# Is it me, or it this an ugly font?



## Ralph Rotten (Nov 27, 2018)

Just put together a cover for a friend's new book. I was aiming for a western font...but I think this one looks like ass.

Is the title font ugly?


----------



## sigmadog (Nov 27, 2018)

Ralph Rotten said:


> Just put together a cover for a friend's new book. I was aiming for a western font...but I think this one looks like ass.
> 
> Is the title font ugly?



It doesn't scream "western" to me.

Google "Western Fonts", you'll get a ton of images showing the expected flavor in that font genre.


----------



## bdcharles (Nov 27, 2018)

I can't see anything...


----------



## Horsey (Dec 1, 2018)

The back is way too empty, and the font is awful on the eyes.

The front is great, but I think the author name stands out a bit too much, especially because the title color and author color are different.

Sent from my PH-1 using Tapatalk


----------



## Phil Istine (Dec 1, 2018)

I think there is insufficient colour contrast with the background, making it a bit harder to read than I would wish.  The darker brown patches make that worse.
The font itself seems okay though but not so sure the writing at the bottom.  It's as if one part has insufficient contrast and the other a bit too much.
Disclaimer:  I'm no designer.  I'm writing this from a reader's perspective.


----------



## moderan (Dec 1, 2018)

I concur.
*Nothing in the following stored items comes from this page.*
(* Consider minimizing $f:\mathbb{R}^n\to\mathbb{R}$ by a generalized pattern search algorithm, at iteration $k$ with current iterate $x_k$ and mesh $M_k$. Let $X=\{x_j\}_{j=0}^{N-1}\subseteq M_k$ be a set of $N$ mesh points, $t$ of which are improved mesh points (i.e. $f(x_j)<f(x_k)$). Run the Quantum Search Step (described in the context) on $X$ with tolerance $\tau>0$. Then exactly one of the following holds: (i) the quantum search step returns an improved mesh point using $\Theta\left(\sqrt{N/t}\right)$ calls to the quantum oracle $F$; (ii) the quantum search step terminates without finding the next iterate. Moreover, if $X$ contains an improved mesh point, the probability of the quantum search step terminating without finding the next iterate can be made arbitrarily low (by the choice of $\tau$).
   Context: Generalized pattern search: the mesh at iteration $k$ is $M_k=\{x_k+\Delta_k Dz: z\in\mathbb{N}^p\}$, where $\Delta_k>0$ and $D$ is an $n\times p$ real matrix whose columns positively span $\mathbb{R}^n$ and are of the form $Gz_i$ for a nonsingular $G\in\mathbb{R}^{n\times n}$ and $z_i\in\mathbb{Z}^n$. A point $y\in M_k$ is an improved mesh point if $f(y)<f(x_k)$. Points and function values are encoded as fixed-point two's complement bit strings in qubit registers (each coordinate with $d$ bits), and one assumes a quantum oracle $F$ with $F\ket{x}\ket{0}=\ket{x}\ket{f(x)}$, acting linearly on superpositions. Write $f_j=f(x_j)$, $f_k=f(x_k)$. The algorithm $\mathcal{A}$ acts on three registers: it places the third register in $\ket{-f_k}$, puts the first register into the uniform superposition $\frac{1}{\sqrt N}\sum_j\ket{x_j}$, applies $F$ to the first two registers, and adds the second register into the third (in-place signed quantum addition), giving $\mathcal{A}\ket{0}\ket{0}\ket{0}=\frac{1}{\sqrt N}\sum_{j=0}^{N-1}\ket{x_j}\ket{f_j}\ket{f_j-f_k}$. Desired states are those basis states with $f_j-f_k<0$ (sign bit of the third register equal to $1$). $S_0$ negates the all-zeros basis state and fixes all others; $S_\chi$ negates desired basis states and fixes all others; $Q=-\mathcal{A}S_0\mathcal{A}^{-1}S_\chi$. Modified QSearch with tolerance $\tau>0$: set $l=0$, $u=0$, fix $1<c<2$. Prepare $\mathcal{A}\ket{0}$ and measure; if desired, return it. While no desired state has been returned and $u<\ln(\tau)/\ln(3/4)$: increase $l$ by 1, set $M=\lceil c^l\rceil$; if $M>\sqrt N$ increase $u$ by 1; prepare $\mathcal{A}\ket{0}$, choose $j$ uniformly from the integers in $[1,M]$, apply $Q$ $j$ times, measure, and return the state if it is desired. If the loop ends without a desired state, report failure. Quantum Search Step: apply modified QSearch to three registers initialized to $\ket{0}\ket{0}\ket{0}$; if it returns an improved mesh point $x'$, set $x_{k+1}=x'$ (and update the mesh size parameter); otherwise terminate and report failure to find an improved mesh point. *)

theory Defs
  imports "HOL-Probability.Probability"
begin
(* Let $P:\mathbb{R}^n\to\mathbb{R}$ be a nonzero nonnegative polynomial of degree at most $2$, i.e. $P(\mathbf x)=\mathbf x^\top Q\mathbf x+2\mathbf a^\top\mathbf x+b\ge0$ for all $\mathbf x\in\mathbb{R}^n$, with $Q$ real symmetric, $\mathbf a\in\mathbb{R}^n$, $b\in\mathbb{R}$. Let $X_1,\dots,X_n$ be independent real Gaussian random variables (each normal with positive variance) and $\mathbf X=(X_1,\dots,X_n)^\top$. Then $$\mathbb{E}\log P(\mathbf X)\le\log\mathbb{E}P(\mathbf X)\le\mathbb{E}\log P(\mathbf X)+C_1,$$ where $C_1=-\frac{1}{\sqrt{2\pi}}\int_{\mathbb{R}}\log(x^2)e^{-x^2/2}\,dx=1.270362845\ldots$. *)

theory Defs
  imports "HOL-Probability.Probability"
begin

definition quad_poly :: "real^'n^'n \<Rightarrow> real^'n \<Rightarrow> real \<Rightarrow> real^'n \<Rightarrow> real" where
  "quad_poly Q a b x = x \<bullet> (Q *v x) + 2 * (a \<bullet> x) + b"

definition C1 :: real where
  "C1 = - (1 / sqrt (2 * pi)) * (LBINT x. ln (x\<^sup>2) * exp (- (x\<^sup>2) / 2))"

end

theory Submission
  imports Defs "HOL-Real_Asymp.Real_Asymp"
begin
theorem mainTheorem4:
  fixes x :: "nat \<Rightarrow> 'a::{field,finite}" and m n :: nat
  assumes "n \<ge> 1" and "m \<ge> 3"
  shows "ennreal (second_moment m n x) \<le>
    (\<Sum>k. ennreal (real CARD('a) ^ (k+1) / real CARD('a) ^ (2*n - 1) *
        (real n ^ 2 / (real n / 2) ^ (m - 2)) powr (real k / 2)))"
proof -
  let ?q = "real CARD('a)" and ?r = "real n ^ 2 / (real n / 2) ^ (m - 2)"
  define f where "f k = ?q ^ (k + 1) / ?q ^ (2 * n - 1) * ?r powr (real k / 2)" for k
  have "second_moment m n x \<le> ?q / ?q ^ (2 * n) * (\<Sum>k<CARD('a). ?q ^ (k + 1) * ?r powr (real k / 2))"
    using assms
    by (intro order_trans[OF second_moment_le_histogram_sum mult_left_mono[OF sum_histogram_classes_le]])
      simp_all
  also have "\<dots> = (\<Sum>k<CARD('a). f k)"
  proof -
    have "?q ^ (2 * n) = ?q * ?q ^ (2 * n - 1)" using assms(1) by (simp flip: power_Suc)
    then show ?thesis unfolding f_def sum_distrib_left by (intro sum.cong) simp_all
  qed
  finally have "ennreal (second_moment m n x) \<le> ennreal (\<Sum>k<CARD('a). f k)"
    by (rule ennreal_leI)
  also have "\<dots> = (\<Sum>k<CARD('a). ennreal (f k))"
    by (rule sum_ennreal[symmetric]) (simp add: f_def)
  also have "\<dots> \<le> (\<Sum>k. ennreal (f k))"
    by (rule sum_le_suminf) auto
  finally show ?thesis unfolding f_def .
qed

end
Ugly font, also doesn't display well against the board.


----------



## Guard Dog (Dec 1, 2018)

What they said.

Plus a question:  Is all of the text supposed to be that close to the spine? I picked up a few of the novels I have laying around here, and they all have things centered in the front and back spaces.
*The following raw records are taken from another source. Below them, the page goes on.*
lemma exists_minimal_sublinear_below:
  fixes p :: "'v::real_vector \<Rightarrow> real"
  assumes "sublinear p"
  shows "\<exists>m. sublinear m \<and> m \<le> p \<and> (\<forall>a. sublinear a \<longrightarrow> a \<le> m \<longrightarrow> a = m)"
proof -
  let ?A = "{q. sublinear q \<and> q \<le> p}"
  have "\<exists>m\<in>?A. \<forall>a\<in>?A. m \<ge> a \<longrightarrow> a = m"
  proof (rule predicate_Zorn)
    show "partial_order_on ?A (relation_of (\<ge>) ?A)"
      by (rule partial_order_on_relation_ofI) (auto intro: order_trans antisym)
  next
    fix C
    assume "C \<in> Chains (relation_of (\<ge>) ?A)"
    then have CA: "\<And>q. q \<in> C \<Longrightarrow> sublinear q \<and> q \<le> p"
      and chain: "\<And>a b. a \<in> C \<Longrightarrow> b \<in> C \<Longrightarrow> a \<le> b \<or> b \<le> a"
      unfolding Chains_def relation_of_def by blast+
    show "\<exists>u\<in>?A. \<forall>q\<in>C. q \<ge> u"
    proof (cases "C = {}")
      case True
      then show ?thesis using assms by blast
    next
      case False
      let ?u = "\<lambda>x. INF q\<in>C. q x"
      have lower: "?u \<le> q" if "q \<in> C" for q
        using that bdd_below_sublinear_family[OF CA] by (auto simp: le_fun_def intro: cInf_lower)
      obtain q0 where q0: "q0 \<in> C" using False by blast
      have "?u \<le> p" using order_trans[OF lower[OF q0]] CA[OF q0] by blast
      moreover have "sublinear ?u" by (rule sublinear_chain_Inf[OF False CA chain])
      ultimately show ?thesis using lower by blast
    qed
  qed
  then obtain m where m: "sublinear m" "m \<le> p"
    and minimal: "\<And>a. sublinear a \<Longrightarrow> a \<le> p \<Longrightarrow> a \<le> m \<Longrightarrow> a = m"
    by auto
  have "a = m" if "sublinear a" "a \<le> m" for a
    using minimal[OF that(1) order_trans[OF that(2) m(2)] that(2)] .
  with m show ?thesis by blast
qed
(* Let $(M_n)_{n\in\mathbb{N}}$ be a discrete-time martingale such that $\sup_{i\geq 1}\mathbb{E}[|M_i-M_{i-1}|]<+\infty$. Let $(\tau_k)_{k\geq 1}$ be an increasing sequence of positive random times, independent of $M$, and set $A_t:=\sum_{k=1}^{+\infty}1_{\{\tau_k\leq t\}}$. Assume $\mathbb{E}[A_t]<+\infty$ for every $t\geq 0$. Then the process $$Z_t:=M_0+\sum_{k=1}^{+\infty}(M_k-M_{k-1})1_{\{\tau_k\leq t\}}=M_{A_t}$$ is a step martingale with respect to its natural filtration, i.e. a martingale whose sample paths are step functions on every bounded interval.
   Context: A step martingale is a martingale whose paths have finitely many jumps on any bounded interval and are constant between them. *)

theory Defs
  imports "HOL-Probability.Probability"
begin

definition natural_filtration ::
  "'a measure \<Rightarrow> 't::linorder set \<Rightarrow> ('t \<Rightarrow> 'a \<Rightarrow> real) \<Rightarrow> 't \<Rightarrow> 'a measure" where
  "natural_filtration P T X t =
     sigma (space P) {X s -` B \<inter> space P | s B. s \<in> T \<and> s \<le> t \<and> B \<in> sets borel}"

definition martingale_on ::
  "'a measure \<Rightarrow> ('t::linorder \<Rightarrow> 'a measure) \<Rightarrow> 't set \<Rightarrow> ('t \<Rightarrow> 'a \<Rightarrow> real) \<Rightarrow> bool" where
  "martingale_on P F T X \<longleftrightarrow>
     (\<forall>t\<in>T. subalgebra P (F t)) \<and>
     (\<forall>s\<in>T. \<forall>t\<in>T. s \<le> t \<longrightarrow> sets (F s) \<subseteq> sets (F t)) \<and>
     (\<forall>t\<in>T. X t \<in> borel_measurable (F t) \<and> integrable P (X t)) \<and>
     (\<forall>s\<in>T. \<forall>t\<in>T. s \<le> t \<longrightarrow>
        (AE \<omega> in P. real_cond_exp P (F s) (X t) \<omega> = X s \<omega>))"

definition step_on :: "(real \<Rightarrow> 'b) \<Rightarrow> real set \<Rightarrow> bool" where
  "step_on f S \<longleftrightarrow> (\<exists>J. finite J \<and>
     (\<forall>x y. x \<in> S \<longrightarrow> y \<in> S \<longrightarrow> x \<le> y \<longrightarrow> {x..y} \<inter> J = {} \<longrightarrow> f x = f y))"

definition step_martingale :: "'a measure \<Rightarrow> (real \<Rightarrow> 'a \<Rightarrow> real) \<Rightarrow> bool" where
  "step_martingale P Z \<longleftrightarrow>
     martingale_on P (natural_filtration P {0..} Z) {0..} Z \<and>
     (AE \<omega> in P. \<forall>b\<ge>0. step_on (\<lambda>t. Z t \<omega>) {0..b})"

end

theory Submission
  imports Defs
begin

text \<open>Write \<open>\<Delta>\<^sub>k = M\<^sub>k\<^sub>+\<^sub>1 - M\<^sub>k\<close>. Because the jump times are independent of \<open>M\<close> and \<open>M\<close>
  is a martingale, \<open>\<Delta>\<^sub>k\<close> is orthogonal to every event of \<open>\<sigma>(\<tau>, M\<^sub>0, \<dots>, M\<^sub>k)\<close>. Before
  \<open>\<tau>\<^sub>k\<^sub>+\<^sub>1\<close> the process \<open>Z\<close> is a function of \<open>\<tau>\<close> and \<open>M\<^sub>0, \<dots>, M\<^sub>k\<close> only, so for an event
  \<open>B\<close> observed by \<open>Z\<close> up to time \<open>s \<le> t\<close> the set \<open>B \<inter> {s < \<tau>\<^sub>k\<^sub>+\<^sub>1 \<le> t}\<close> is such an event.
  Hence \<open>E[1\<^sub>B (Z\<^sub>t - Z\<^sub>s)] = \<Sum>\<^sub>k E[1\<^bsub>B \<inter> {s < \<tau>\<^sub>k\<^sub>+\<^sub>1 \<le> t}\<^esub> \<Delta>\<^sub>k] = 0\<close>; exchanging sum and
  expectation is justified by \<open>E|\<Delta>\<^sub>k| \<le> C\<close>, independence, and
  \<open>\<Sum>\<^sub>k P(\<tau>\<^sub>k \<le> t) = E[A\<^sub>t] < \<infinity>\<close>. The latter also makes \<open>A\<^sub>t\<close> finite almost surely, so
  the paths are step functions.\<close>

lemma (in sigma_finite_subalgebra) set_integral_eq_if_real_cond_exp_eq:
  assumes "integrable M f" "integrable M g"
    and "AE x in M. real_cond_exp M F f x = g x" and "A \<in> sets F"
  shows "(LINT x:A|M. f x) = (LINT x:A|M. g x)"
proof -
  have [measurable]: "A \<in> sets M" using assms(4) subalg by (auto simp: subalgebra_def)
  have "(LINT x:A|M. f x) = (LINT x:A|M. real_cond_exp M F f x)"
    by (rule real_cond_exp_intA[OF assms(1,4)])
  also have "\<dots> = (LINT x:A|M. g x)"
    using assms(2,3) by (intro set_lebesgue_integral_cong_AE) (auto elim: AE_mp)
  finally show ?thesis .
qed

lemma (in finite_measure) sigma_finite_subalgebraI:
  assumes "subalgebra M F"
  shows "sigma_finite_subalgebra M F"
  using assms finite_measure_axioms
  by (intro finite_measure_subalgebra_is_sigma_finite)
    (simp add: finite_measure_subalgebra_def finite_measure_subalgebra_axioms_def)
( It may very well be centered up in the final product, for all I know. The above-example just looks "off" to me. )

G.D.


----------



## sigmadog (Dec 1, 2018)

bdcharles said:


> I can't see anything...



I can't see it either when using Firefox (my preferred browser) on my Mac. But I can see it when using Safari or Chrome.


----------



## Ralph Rotten (Dec 1, 2018)

Guard Dog said:


> What they said.
> 
> Plus a question:  Is all of the text supposed to be that close to the spine? I picked up a few of the novels I have laying around here, and they all have things centered in the front and back spaces.
> 
> ...



The image is cropped for production, loses almost an inch all the way around. Covers are always oversized, and they cut off the bleed.


----------



## Guard Dog (Dec 1, 2018)

Thanks Ralph. I should'a thought of that.
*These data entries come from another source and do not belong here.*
lemma monotone_rearrangements_cong:
  assumes "\<forall>t\<in>{1..n}. g t = h t"
  shows "monotone_rearrangements \<rho> g = monotone_rearrangements \<rho> h"
proof -
  have "chain_monotone P C \<rho> (g \<circ> \<sigma>) = chain_monotone P C \<rho> (h \<circ> \<sigma>)" if "\<sigma> \<in> chain_perms" for \<sigma>
    using assms bij_betw_apply[OF chain_perms_bij[OF that]] by (intro chain_monotone_cong) simp
  then have "{\<sigma>\<in>chain_perms. chain_monotone P C \<rho> (g \<circ> \<sigma>)}
      = {\<sigma>\<in>chain_perms. chain_monotone P C \<rho> (h \<circ> \<sigma>)}" by blast
  then show ?thesis unfolding monotone_rearrangements_def by simp
qed

lemma PF_comp_chain_perm:
  assumes \<pi>: "\<pi> \<in> PF n" and \<sigma>: "\<sigma> \<in> chain_perms"
  shows "\<pi> \<circ> \<sigma> \<in> PF n"
proof -
  have "\<pi> \<circ> \<sigma> \<in> {1..n} \<rightarrow>\<^sub>E {1..n}"
    using PF_valuesD[OF \<pi>] PF_extensional[OF \<pi>] bij_betw_apply[OF chain_perms_bij[OF \<sigma>]]
      chain_perms_outside[OF \<sigma>]
    by (auto simp: PiE_iff extensional_def)
  moreover have "card {t\<in>{1..n}. (\<pi> \<circ> \<sigma>) t \<le> i} = card {t\<in>{1..n}. \<pi> t \<le> i}" for i
    by (rule bij_betw_same_card, rule bij_betw_Collect[OF chain_perms_bij[OF \<sigma>]]) simp
  ultimately show ?thesis using \<pi> unfolding PF_def by simp
qed

lemma Ftilde_comp_chain_perm:
  assumes f: "f \<in> Ftilde n" and \<sigma>: "\<sigma> \<in> chain_perms"
  shows "f \<circ> \<sigma> \<in> Ftilde n"
  using Ftilde_valuesD[OF f] Ftilde_extensional[OF f] bij_betw_apply[OF chain_perms_bij[OF \<sigma>]]
    chain_perms_outside[OF \<sigma>]
  by (auto simp: Ftilde_def PiE_iff extensional_def)

lemma card_chain_perms_mult:
  assumes fin: "finite S" and closed: "\<And>g \<sigma>. g \<in> S \<Longrightarrow> \<sigma> \<in> chain_perms \<Longrightarrow> g \<circ> \<sigma> \<in> S"
  shows "card chain_perms * card {g\<in>S. chain_monotone P C \<rho> g}
       = (\<Sum>g\<in>S. monotone_rearrangements \<rho> g)"
proof -
  have count: "card {x\<in>A. Q x} = (\<Sum>x\<in>A. if Q x then 1 else 0)"
    if "finite A" for A and Q :: "(nat \<Rightarrow> nat) \<Rightarrow> bool"
    using that by (simp add: sum.inter_filter[symmetric])
  have perm: "card {g\<in>S. chain_monotone P C \<rho> (g \<circ> \<sigma>)} = card {g\<in>S. chain_monotone P C \<rho> g}"
    if \<sigma>: "\<sigma> \<in> chain_perms" for \<sigma>
  proof -
    have inj: "inj_on (\<lambda>g. g \<circ> \<sigma>) S"
      using inj_comp_right_surj[OF chain_perms_surj[OF \<sigma>]] by (rule inj_on_subset) simp
    have "(\<lambda>g. g \<circ> \<sigma>) ` S \<subseteq> S" by (rule image_subsetI) (rule closed[OF _ \<sigma>])
    then have "(\<lambda>g. g \<circ> \<sigma>) ` S = S" by (rule endo_inj_surj[OF fin _ inj])
    then have "bij_betw (\<lambda>g. g \<circ> \<sigma>) S S" using inj by (simp add: bij_betw_def)
    then show ?thesis by (rule bij_betw_same_card[OF bij_betw_Collect]) simp
  qed
  have "(\<Sum>g\<in>S. monotone_rearrangements \<rho> g)
      = (\<Sum>g\<in>S. \<Sum>\<sigma>\<in>chain_perms. (if chain_monotone P C \<rho> (g \<circ> \<sigma>) then 1 else 0))"
    unfolding monotone_rearrangements_def using count[OF finite_chain_perms] by simp
  also have "\<dots> = (\<Sum>\<sigma>\<in>chain_perms. \<Sum>g\<in>S. (if chain_monotone P C \<rho> (g \<circ> \<sigma>) then 1 else 0))"
    by (rule sum.swap)
  also have "\<dots> = (\<Sum>\<sigma>\<in>chain_perms. card {g\<in>S. chain_monotone P C \<rho> g})"
  proof (rule sum.cong[OF refl])
    fix \<sigma> assume "\<sigma> \<in> chain_perms"
    then show "(\<Sum>g\<in>S. (if chain_monotone P C \<rho> (g \<circ> \<sigma>) then 1 else 0)) = card {g\<in>S. chain_monotone P C \<rho> g}"
      using perm count[OF fin] by simp
  qed
  finally show ?thesis by simp
qed

section \<open>Invariance under cyclic shifts\<close>

text \<open>The rotation of the chains that restores monotonicity after shifting the values of
  \<open>g\<close> cyclically past the threshold \<open>\<theta>\<close>.\<close>
definition compensating_rotation :: "(nat set \<Rightarrow> rel) \<Rightarrow> nat \<Rightarrow> (nat \<Rightarrow> nat) \<Rightarrow> nat \<Rightarrow> nat" where
  "compensating_rotation \<rho> \<theta> g =
     chain_rotation (\<lambda>c. rotation_offset (\<rho> c) (card c) (card {x\<in>c. \<theta> < g x}))"

lemma card_chain_filter_perm:
  assumes \<sigma>: "\<sigma> \<in> chain_perms" and c: "c \<in> C"
  shows "card {p\<in>{0..<card c}. Q (\<sigma> (chain_nth c p))} = card {x\<in>c. Q x}"
  using bij_betw_trans[OF bij_betw_chain_nth[OF c] chain_perms_bij_betw_chain[OF \<sigma> c]]
  by (rule bij_betw_same_card[OF bij_betw_Collect]) simp

lemma chain_monotone_shift_comp_rotation:
  assumes g: "\<forall>t\<in>{1..n}. g t \<in> {1..Suc n}" and k: "k \<le> Suc n"
    and \<sigma>: "\<sigma> \<in> chain_perms" and mono: "chain_monotone P C \<rho> (g \<circ> \<sigma>)"
  shows "chain_monotone P C \<rho>
           ((\<lambda>t. cyclic_shift n k (g t)) \<circ> (\<sigma> \<circ> compensating_rotation \<rho> (Suc n - k) g))"
  unfolding chain_monotone_def
proof (intro ballI impI)
  fix c i j assume c: "c \<in> C" and i: "i \<in> c" and j: "j \<in> c" and "P i j"
  define v where "v p = g (\<sigma> (chain_nth c p))" for p
  have rank: "chain_rank c i < chain_rank c j" "chain_rank c j < card c"
    using chain_rank_less[OF c i \<open>P i j\<close>] chain_rank_less_card[OF c j] by auto
  have v_in: "v p \<in> {1..Suc n}" if "p < card c" for p
    using g chain_subset[OF c] bij_betw_apply[OF chain_perms_bij_betw_chain[OF \<sigma> c]]
      chain_nth_in[OF c that] unfolding v_def by blast
  have v_mono: "rel_holds (\<rho> c) (v p) (v q)" if "p < q" "q < card c" for p q
    using chain_monotone_nth[OF mono c that] unfolding v_def by simp
  have count: "card {p\<in>{0..<card c}. Suc n - k < v p} = card {x\<in>c. Suc n - k < g x}"
    unfolding v_def by (rule card_chain_filter_perm[OF \<sigma> c])
  have rotation: "compensating_rotation \<rho> (Suc n - k) g x
      = chain_nth c ((chain_rank c x
          + rotation_offset (\<rho> c) (card c) (card {x\<in>c. Suc n - k < g x})) mod card c)"
    if "x \<in> c" for x
    using chain_rotation_on_chain[OF c that] unfolding compensating_rotation_def by simp
  show "rel_holds (\<rho> c)
      (((\<lambda>t. cyclic_shift n k (g t)) \<circ> (\<sigma> \<circ> compensating_rotation \<rho> (Suc n - k) g)) i)
      (((\<lambda>t. cyclic_shift n k (g t)) \<circ> (\<sigma> \<circ> compensating_rotation \<rho> (Suc n - k) g)) j)"
    using rotate_monotone_sequence[where v = v and m = "card c",
        OF cyclic_shift_swaps_blocks[OF k] v_in v_mono rank]
    unfolding count by (simp add: v_def rotation[OF i] rotation[OF j])
qed

lemma monotone_rearrangements_shift_le:
  assumes g: "\<forall>t\<in>{1..n}. g t \<in> {1..Suc n}" and k: "k \<le> Suc n"
  shows "monotone_rearrangements \<rho> g \<le> monotone_rearrangements \<rho> (\<lambda>t. cyclic_shift n k (g t))"
proof -
  let ?\<Psi> = "compensating_rotation \<rho> (Suc n - k) g"
  let ?A = "{\<sigma>\<in>chain_perms. chain_monotone P C \<rho> (g \<circ> \<sigma>)}"
  have \<Psi>: "?\<Psi> \<in> chain_perms"
    unfolding compensating_rotation_def by (rule chain_rotation_in_chain_perms)
  have "inj_on (\<lambda>\<sigma>. \<sigma> \<circ> ?\<Psi>) ?A"
    using inj_comp_right_surj[OF chain_perms_surj[OF \<Psi>]] by (rule inj_on_subset) simp
  moreover have "(\<lambda>\<sigma>. \<sigma> \<circ> ?\<Psi>) ` ?A
      \<subseteq> {\<sigma>\<in>chain_perms. chain_monotone P C \<rho> ((\<lambda>t. cyclic_shift n k (g t)) \<circ> \<sigma>)}"
    using chain_monotone_shift_comp_rotation[OF g k] comp_in_chain_perms[OF _ \<Psi>] by auto
  ultimately show ?thesis unfolding monotone_rearrangements_def
    by (rule card_inj_on_le) (rule finite_subset[OF _ finite_chain_perms], blast)
qed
And fellas... I'm using Firefox on Windows 10 and I see it just fine.



G.D.


----------



## Ralph Rotten (Dec 1, 2018)

Lotta people farm out their cover designs.
But I'm a cheap bastard.


----------



## Phil Istine (Dec 1, 2018)

sigmadog said:


> I can't see it either when using Firefox (my preferred browser) on my Mac. But I can see it when using Safari or Chrome.



I downloaded the image and magnified it in my viewing software.  However, my sight isn't the greatest and my monitor is on the small side so it may have as much to do with me and my hardware as the actual image.


----------